(Dataset records)
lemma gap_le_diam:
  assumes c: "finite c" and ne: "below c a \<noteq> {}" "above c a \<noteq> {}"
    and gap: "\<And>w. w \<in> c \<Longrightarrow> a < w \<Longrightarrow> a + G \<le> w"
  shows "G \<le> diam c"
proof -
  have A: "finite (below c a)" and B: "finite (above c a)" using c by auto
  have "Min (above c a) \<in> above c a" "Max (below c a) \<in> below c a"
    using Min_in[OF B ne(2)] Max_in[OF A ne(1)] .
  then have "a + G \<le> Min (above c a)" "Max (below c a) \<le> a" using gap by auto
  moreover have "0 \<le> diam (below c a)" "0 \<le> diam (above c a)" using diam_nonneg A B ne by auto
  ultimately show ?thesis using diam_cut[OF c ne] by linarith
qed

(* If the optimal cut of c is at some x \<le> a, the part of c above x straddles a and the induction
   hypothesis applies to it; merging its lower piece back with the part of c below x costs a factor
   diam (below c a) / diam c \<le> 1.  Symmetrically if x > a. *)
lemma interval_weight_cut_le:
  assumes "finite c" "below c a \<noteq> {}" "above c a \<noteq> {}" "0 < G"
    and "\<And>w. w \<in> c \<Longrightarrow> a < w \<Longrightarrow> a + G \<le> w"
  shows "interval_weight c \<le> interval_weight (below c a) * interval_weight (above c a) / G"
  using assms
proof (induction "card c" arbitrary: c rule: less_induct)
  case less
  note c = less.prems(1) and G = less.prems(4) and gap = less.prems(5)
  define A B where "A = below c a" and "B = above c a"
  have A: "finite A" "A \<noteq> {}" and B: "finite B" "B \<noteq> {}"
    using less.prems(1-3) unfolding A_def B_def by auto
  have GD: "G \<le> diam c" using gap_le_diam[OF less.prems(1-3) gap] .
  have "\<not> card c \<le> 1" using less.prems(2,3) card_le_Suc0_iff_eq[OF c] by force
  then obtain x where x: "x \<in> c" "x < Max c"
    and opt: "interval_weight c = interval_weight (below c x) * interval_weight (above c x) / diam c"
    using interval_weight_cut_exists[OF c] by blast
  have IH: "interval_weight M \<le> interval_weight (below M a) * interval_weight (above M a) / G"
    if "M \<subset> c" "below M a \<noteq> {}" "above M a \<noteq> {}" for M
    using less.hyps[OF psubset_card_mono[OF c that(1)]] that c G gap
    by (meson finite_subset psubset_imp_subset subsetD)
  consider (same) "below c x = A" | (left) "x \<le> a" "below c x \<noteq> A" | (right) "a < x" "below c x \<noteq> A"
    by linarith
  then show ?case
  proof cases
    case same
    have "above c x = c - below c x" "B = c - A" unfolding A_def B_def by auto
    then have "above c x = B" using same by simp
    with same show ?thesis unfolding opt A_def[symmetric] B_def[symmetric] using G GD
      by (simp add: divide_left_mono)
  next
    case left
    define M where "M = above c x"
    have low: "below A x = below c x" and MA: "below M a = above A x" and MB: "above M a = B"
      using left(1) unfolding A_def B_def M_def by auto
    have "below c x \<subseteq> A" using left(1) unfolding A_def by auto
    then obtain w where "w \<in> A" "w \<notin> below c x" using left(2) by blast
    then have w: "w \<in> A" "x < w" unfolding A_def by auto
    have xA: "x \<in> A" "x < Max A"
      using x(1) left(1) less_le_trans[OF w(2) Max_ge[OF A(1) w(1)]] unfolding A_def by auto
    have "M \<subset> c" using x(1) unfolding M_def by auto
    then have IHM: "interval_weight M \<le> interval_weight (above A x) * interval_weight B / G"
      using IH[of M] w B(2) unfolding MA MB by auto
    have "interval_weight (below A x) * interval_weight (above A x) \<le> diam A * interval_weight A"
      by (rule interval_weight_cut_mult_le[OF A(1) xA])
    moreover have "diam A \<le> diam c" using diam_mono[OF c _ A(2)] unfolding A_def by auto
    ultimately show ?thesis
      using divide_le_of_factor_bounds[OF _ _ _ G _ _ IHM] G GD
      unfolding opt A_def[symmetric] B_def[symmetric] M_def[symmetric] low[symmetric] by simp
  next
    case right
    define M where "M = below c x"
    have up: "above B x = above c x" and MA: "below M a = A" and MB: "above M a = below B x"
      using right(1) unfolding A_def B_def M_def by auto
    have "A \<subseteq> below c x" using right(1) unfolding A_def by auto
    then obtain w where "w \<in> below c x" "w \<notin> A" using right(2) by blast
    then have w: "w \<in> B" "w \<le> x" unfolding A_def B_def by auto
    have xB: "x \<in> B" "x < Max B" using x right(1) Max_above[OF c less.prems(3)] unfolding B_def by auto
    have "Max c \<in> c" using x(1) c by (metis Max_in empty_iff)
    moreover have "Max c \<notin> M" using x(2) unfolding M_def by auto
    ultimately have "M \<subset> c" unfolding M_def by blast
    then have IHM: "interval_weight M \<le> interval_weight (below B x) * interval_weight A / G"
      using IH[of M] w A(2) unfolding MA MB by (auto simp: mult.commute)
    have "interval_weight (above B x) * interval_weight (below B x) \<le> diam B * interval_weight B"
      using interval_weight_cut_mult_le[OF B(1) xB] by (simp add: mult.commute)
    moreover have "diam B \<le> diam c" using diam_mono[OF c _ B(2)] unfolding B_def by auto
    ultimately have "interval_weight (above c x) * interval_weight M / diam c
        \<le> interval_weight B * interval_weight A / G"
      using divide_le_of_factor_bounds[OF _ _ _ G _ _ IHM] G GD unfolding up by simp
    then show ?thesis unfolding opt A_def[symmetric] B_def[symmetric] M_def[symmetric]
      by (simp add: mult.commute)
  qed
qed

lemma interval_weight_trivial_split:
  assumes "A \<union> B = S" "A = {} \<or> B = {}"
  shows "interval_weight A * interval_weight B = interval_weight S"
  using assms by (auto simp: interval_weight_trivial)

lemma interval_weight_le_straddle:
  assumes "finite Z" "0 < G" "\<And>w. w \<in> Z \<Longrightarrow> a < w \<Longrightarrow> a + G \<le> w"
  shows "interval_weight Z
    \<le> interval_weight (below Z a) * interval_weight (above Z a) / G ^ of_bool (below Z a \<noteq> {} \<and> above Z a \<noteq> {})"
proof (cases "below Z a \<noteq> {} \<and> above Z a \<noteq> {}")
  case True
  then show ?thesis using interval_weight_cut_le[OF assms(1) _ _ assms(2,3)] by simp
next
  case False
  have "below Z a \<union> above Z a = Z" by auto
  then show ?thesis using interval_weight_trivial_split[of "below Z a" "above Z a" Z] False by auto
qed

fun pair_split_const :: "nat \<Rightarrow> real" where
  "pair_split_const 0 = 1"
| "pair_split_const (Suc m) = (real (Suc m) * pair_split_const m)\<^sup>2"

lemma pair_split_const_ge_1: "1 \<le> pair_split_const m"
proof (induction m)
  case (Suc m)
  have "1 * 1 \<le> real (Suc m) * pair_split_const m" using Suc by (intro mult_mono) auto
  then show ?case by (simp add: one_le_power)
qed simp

▶ _Exercise prompt_
The lines in the records above that include the word "prems" must be copied out.

▶ _Solution_
  note c = less.prems(1) and G = less.prems(4) and gap = less.prems(5)
    using less.prems(1-3) unfolding A_def B_def by auto
  have GD: "G \<le> diam c" using gap_le_diam[OF less.prems(1-3) gap] .
  have "\<not> card c \<le> 1" using less.prems(2,3) card_le_Suc0_iff_eq[OF c] by force
    have xB: "x \<in> B" "x < Max B" using x right(1) Max_above[OF c less.prems(3)] unfolding B_def by auto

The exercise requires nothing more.